This book claims that the agents "Break Their Silence!!" in that they have not spoken since 1963, as if the Warren Commission, various interviews, and several other books never happened in the intervening years.

Some of the quotations from the agents regarding various conversations from 1963 are recorded here in an almost childish manner.
Like regarding a motorcade in Florida where Blaine asks another agent "If you've got any connection with the man upstairs we'd love to have it be pouring with rain next Monday".
To which Agent Peppers laughed saying I'll see what I can do. But remember this is Florida the sunshine state. I wouldn't count on it". In other words the Agents had their heads screwed on when it came to Kennedy's car either having or not having the hardtop raised, just to let the reader know.

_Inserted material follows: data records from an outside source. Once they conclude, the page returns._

text \<open>\<open>u\<^sub>a = V^a - V^(m-a)\<close> solves the unrestricted recursion
  \<open>(1 + V + V^2) u\<^sub>a = V (u\<^sub>a\<^sub>-\<^sub>1 + u\<^sub>a + u\<^sub>a\<^sub>+\<^sub>1)\<close>. The choice of \<open>m\<close> gives
  \<open>u\<^sub>h\<^sub>+\<^sub>1 = 0\<close> (uncapped) or \<open>u\<^sub>h\<^sub>+\<^sub>1 = -u\<^sub>h\<close> (capped), which accounts for the top
  boundary, and the missing term \<open>V u\<^sub>-\<^sub>1 = 1 - V^(m+2)\<close> produces the source at \<open>a = 0\<close>.\<close>

lemma strip_numerator_transfer:
  fixes V :: "'a::comm_ring_1" and capped :: bool and h a :: nat
  defines "m \<equiv> strip_exponent capped h"
  assumes "a \<le> h"
  shows "(1 + V + V^2) * (V^a - V^(m - a)) =
           (if a = 0 then 1 - V^(m + 2) else 0)
         + V * strip_transfer capped h (\<lambda>b. V^b - V^(m - b)) a"
proof (cases "a < h")
  case True
  then have "m - a \<ge> 2"
    by (auto simp: m_def strip_exponent_def)
  show ?thesis
  proof (cases "a = 0")
    case True
    then show ?thesis
      using three_term_identity_0[of "m" V] \<open>m - a \<ge> 2\<close> \<open>a < h\<close>
      by (simp add: strip_transfer_def)
  next
    case False
    then have "m - (a - 1) = m - a + 1" "m - (a + 1) = m - a - 1"
      using \<open>m - a \<ge> 2\<close> by auto
    with False show ?thesis
      using three_term_identity[of a "m - a" V] \<open>m - a \<ge> 2\<close> \<open>a < h\<close>
      by (simp add: strip_transfer_def algebra_simps)
  qed
next
  case False
  then have "a = h"
    using assms(2) by simp
  show ?thesis
  proof (cases "a = 0")
    case True
    then show ?thesis
      using three_term_identity_0[of m V] \<open>a = h\<close>
      by (cases capped) (auto simp: m_def strip_exponent_def strip_transfer_def)
  next
    case False
    then show ?thesis
      using three_term_identity[of a "m - a" V] \<open>a = h\<close>
      by (cases capped) (auto simp: m_def strip_exponent_def strip_transfer_def algebra_simps eval_nat_numeral)
  qed
qed

lemma strip_transfer_mult_left:
  fixes f :: "nat \<Rightarrow> 'a::semiring_0"
  shows "strip_transfer capped h (\<lambda>b. k * f b) a = k * strip_transfer capped h f a"
  by (simp add: strip_transfer_def distrib_left)

lemma strip_transfer_nth:
  "strip_transfer capped h F a $ n = strip_transfer capped h (\<lambda>b. F b $ n) a"
  by (simp add: strip_transfer_def)

lemma of_nat_strip_transfer:
  "of_nat (strip_transfer capped h f a) = strip_transfer capped h (\<lambda>b. of_nat (f b)) a"
  by (simp add: strip_transfer_def)

definition strip_gf :: "'a::field fps \<Rightarrow> bool \<Rightarrow> nat \<Rightarrow> nat \<Rightarrow> 'a fps" where
  "strip_gf v capped h a =
     (1 + v + v^2) * (v^a - v^(strip_exponent capped h - a)) / (1 - v^(strip_exponent capped h + 2))"

lemma strip_gf_transfer:
  fixes v :: "'a::field fps"
  assumes v0: "v $ 0 = 0" and X: "fps_X * (1 + v + v^2) = v" and "a \<le> h"
  shows "strip_gf v capped h a =
           (if a = 0 then 1 else 0) + fps_X * strip_transfer capped h (strip_gf v capped h) a"
proof -
  define m where "m = strip_exponent capped h"
  define Q where "Q = 1 + v + v^2"
  define I where "I = inverse (1 - v^(m + 2))"
  define u where "u b = v^b - v^(m - b)" for b
  have DI: "(1 - v^(m + 2)) * I = 1"
    unfolding I_def by (rule inverse_mult_eq_1') (simp add: startsby_zero_power v0)
  have W: "strip_gf v capped h = (\<lambda>b. Q * I * u b)"
    by (auto simp: strip_gf_def fps_divide_unit startsby_zero_power v0 m_def Q_def I_def u_def
        mult_ac)
  have "strip_gf v capped h a = I * (Q * u a)"
    by (simp add: W mult_ac)
  also have "Q * u a = (if a = 0 then 1 - v^(m + 2) else 0) + v * strip_transfer capped h u a"
    unfolding Q_def u_def m_def by (rule strip_numerator_transfer[OF assms(3)])
  also have "I * \<dots> = (if a = 0 then 1 else 0) + (fps_X * Q) * (I * strip_transfer capped h u a)"
    using DI by (simp add: X[folded Q_def] algebra_simps)
  also have "\<dots> = (if a = 0 then 1 else 0) + fps_X * strip_transfer capped h (strip_gf v capped h) a"
    by (simp add: W strip_transfer_mult_left mult_ac)
  finally show ?thesis .
qed

lemma strip_gf_nth:
  fixes v :: "'a::field fps"
  assumes v0: "v $ 0 = 0" and X: "fps_X * (1 + v + v^2) = v"
  shows "a \<le> h \<Longrightarrow> strip_gf v capped h a $ n = of_nat (strip_count capped h n a)"
proof (induction n arbitrary: a)
  case 0
  show ?case
    by (subst strip_gf_transfer[OF v0 X 0]) (simp add: strip_count_0)
next
  case (Suc n)
  have "strip_gf v capped h a $ Suc n = strip_transfer capped h (\<lambda>b. strip_gf v capped h b $ n) a"
    by (subst strip_gf_transfer[OF v0 X Suc.prems]) (simp add: strip_transfer_nth)
  also have "\<dots> = strip_transfer capped h (\<lambda>b. of_nat (strip_count capped h n b)) a"
    using Suc.prems by (rule strip_transfer_cong) (rule Suc.IH)
  also have "\<dots> = of_nat (strip_count capped h (Suc n) a)"
    by (simp add: strip_count_Suc of_nat_strip_transfer)
  finally show ?case .
qed

subsection \<open>The telescoping sum over heights\<close>

definition strip_ratio :: "'a::field \<Rightarrow> nat \<Rightarrow> 'a" where
  "strip_ratio V m = (1 + V + V^2) * (1 - V^m) / (1 - V^(m + 2))"

lemma strip_ratio_1:
  fixes V :: "'a::field"
  assumes "1 - V \<noteq> 0" "1 - V^2 \<noteq> 0" "1 - V^3 \<noteq> 0"
  shows "V^2 * strip_ratio V 1 =
           (1 + V + V^2) * (V^2 - 1) * (V / (1 - V) - V^2 / (1 - V^2) + V^3 / (1 - V^3))
         + (1 + V) * (1 + V + V^2) * V"
proof -
  have "(1 - V) * inverse (1 - V) = 1" "(1 - V^2) * inverse (1 - V^2) = 1"
       "(1 - V^3) * inverse (1 - V^3) = 1"
    using assms by auto
  then show ?thesis
    unfolding strip_ratio_def divide_inverse by algebra
qed

lemma strip_ratio_diff:
  fixes V y :: "'a::field"
  assumes "1 - y * V^2 \<noteq> 0" "1 - y * V^3 \<noteq> 0"
  shows "V^2 * ((1 + V + V^2) * (1 - y * V) / (1 - y * V^3) - (1 + V + V^2) * (1 - y) / (1 - y * V^2))
           = (1 + V + V^2) * (V^2 - 1) * (- (y * V^2) / (1 - y * V^2) + y * V^3 / (1 - y * V^3))"
proof -
  have "(1 - y * V^2) * inverse (1 - y * V^2) = 1" "(1 - y * V^3) * inverse (1 - y * V^3) = 1"
    using assms by auto
  then show ?thesis
    unfolding divide_inverse by algebra
qed

lemma strip_ratio_sum_telescopes:
  fixes V :: "'a::field"
  assumes nz: "\<And>k. 0 < k \<Longrightarrow> 1 - V^k \<noteq> 0"
  shows "V^2 * (strip_ratio V 1 + (\<Sum>h<N. strip_ratio V (2 * h + 3) - strip_ratio V (2 * h + 2)))
           = (1 + V + V^2) * (V^2 - 1) * (\<Sum>h<2 * N + 3. (-1)^h * V^(Suc h) / (1 - V^(Suc h)))
           + (1 + V) * (1 + V + V^2) * V"
proof (induction N)
  case 0
  have "(\<Sum>h<3. (-1)^h * V^(Suc h) / (1 - V^(Suc h))) = V / (1 - V) - V^2 / (1 - V^2) + V^3 / (1 - V^3)"
    by (simp add: eval_nat_numeral)
  moreover have "1 - V \<noteq> 0"
    using nz[of 1] by simp
  ultimately show ?case
    using strip_ratio_1[of V] nz[of 2] nz[of 3] by simp
next
  case (Suc N)
  define y where "y = V^(2 * N + 2)"
  have pow: "V^(2 * N + 2) = y" "V^(2 * N + 3) = y * V" "V^(2 * N + 4) = y * V^2" "V^(2 * N + 5) = y * V^3"
    by (simp_all add: y_def eval_nat_numeral mult_ac)
  have new_terms: "(\<Sum>h<2 * Suc N + 3. (-1)^h * V^(Suc h) / (1 - V^(Suc h)))
      = (\<Sum>h<2 * N + 3. (-1)^h * V^(Suc h) / (1 - V^(Suc h)))
        + (- (y * V^2) / (1 - y * V^2) + y * V^3 / (1 - y * V^3))"
  proof -
    have "2 * Suc N + 3 = Suc (Suc (2 * N + 3))"
      by simp
    moreover have "V^(Suc (2 * N + 3)) = y * V^2" "V^(Suc (Suc (2 * N + 3))) = y * V^3"
      using pow(3,4) by (simp_all only: Suc_eq_plus1 add.assoc numeral_plus_one semiring_norm)
    moreover have "(-1::'a)^(2 * N + 3) = -1" "(-1::'a)^(Suc (2 * N + 3)) = 1"
      by (simp_all add: power_add power_mult)
    ultimately show ?thesis
      by (simp only: sum.lessThan_Suc) simp
  qed
  have "1 - y * V^2 \<noteq> 0" "1 - y * V^3 \<noteq> 0"
    using nz[of "2 * N + 4"] nz[of "2 * N + 5"] by (simp_all add: pow)
  moreover have "strip_ratio V (2 * N + 3) = (1 + V + V^2) * (1 - y * V) / (1 - y * V^3)"
                "strip_ratio V (2 * N + 2) = (1 + V + V^2) * (1 - y) / (1 - y * V^2)"
    by (simp_all only: strip_ratio_def add.assoc numeral_plus_numeral semiring_norm pow)
  ultimately have last_term: "V^2 * (strip_ratio V (2 * N + 3) - strip_ratio V (2 * N + 2))
      = (1 + V + V^2) * (V^2 - 1) * (- (y * V^2) / (1 - y * V^2) + y * V^3 / (1 - y * V^3))"
    using strip_ratio_diff by simp
  have "V^2 * (strip_ratio V 1 + (\<Sum>h<Suc N. strip_ratio V (2 * h + 3) - strip_ratio V (2 * h + 2)))
      = V^2 * (strip_ratio V 1 + (\<Sum>h<N. strip_ratio V (2 * h + 3) - strip_ratio V (2 * h + 2)))
        + V^2 * (strip_ratio V (2 * N + 3) - strip_ratio V (2 * N + 2))"
    by (simp only: sum.lessThan_Suc distrib_left add.assoc)
  then show ?case
    unfolding Suc.IH last_term new_terms by (simp only: distrib_left add_ac)
qed

subsection \<open>Passing to the infinite series\<close>

lemma fps_to_fls_sum: "fps_to_fls (sum f A) = (\<Sum>x\<in>A. fps_to_fls (f x))"
  by (induction A rule: infinite_finite_induct) auto

lemma fps_mult_nth_cong:
  fixes c f g :: "'a::semiring_0 fps"
  assumes "\<And>i. i \<le> n \<Longrightarrow> f $ i = g $ i"
  shows "(c * f) $ n = (c * g) $ n"
  unfolding fps_mult_nth using assms by (intro sum.cong) auto

lemma subdegree_one_minus_power:
  fixes v :: "'a::field fps"
  assumes "v $ 0 = 0" and "0 < k"
  shows "subdegree (1 - v^k) = 0"
  using assms by (intro subdegree_eq_0) (simp add: startsby_zero_power)

lemma fps_to_fls_strip_gf_0:
  fixes v :: "'a::field fps"
  assumes "v $ 0 = 0"
  shows "fps_to_fls (strip_gf v capped h 0) = strip_ratio (fps_to_fls v) (strip_exponent capped h)"
  using subdegree_one_minus_power[OF assms, of "strip_exponent capped h + 2"]
  by (simp add: strip_gf_def strip_ratio_def fps_to_fls_power fls_times_fps_to_fls
      flip: fls_divide_fps_to_fls)

lemma fps_to_fls_alt_term:
  fixes v :: "'a::field fps"
  assumes "v $ 0 = 0"
  shows "fps_to_fls ((-1)^h * v^(Suc h) / (1 - v^(Suc h))) =
           (-1)^h * fps_to_fls v ^ Suc h / (1 - fps_to_fls v ^ Suc h)"
  using subdegree_one_minus_power[OF assms, of "Suc h"]
  by (simp add: fps_to_fls_power fls_times_fps_to_fls flip: fls_divide_fps_to_fls)

definition b_partial_gf :: "'a::field fps \<Rightarrow> nat \<Rightarrow> 'a fps" where
  "b_partial_gf v N = strip_gf v True 0 0 + (\<Sum>h<N. strip_gf v True (Suc h) 0 - strip_gf v False h 0)"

Or "Hey Jer, Arnie gave me the name of a good Cuban restaurant not too far from here. Are you up for some local culture?" 'Sure that sounds super" Blaine said. "I just realized I didn't have lunch".

The chapter on Dallas doesn't really reveal any new information or revealing facts that hasn't been recorded a million times before.

The whole book is littered with bland verbal interactions between agents like how tired they were or how hot or cold the weather was. They were thinly stretched, they had to pay for their own suits and it just wasn't fair. Kenny O'Donnell and Dave Powers had them running everywhere.

If you can borrow this from your library like I did, fine but I wouldn't pay 18 quid for it.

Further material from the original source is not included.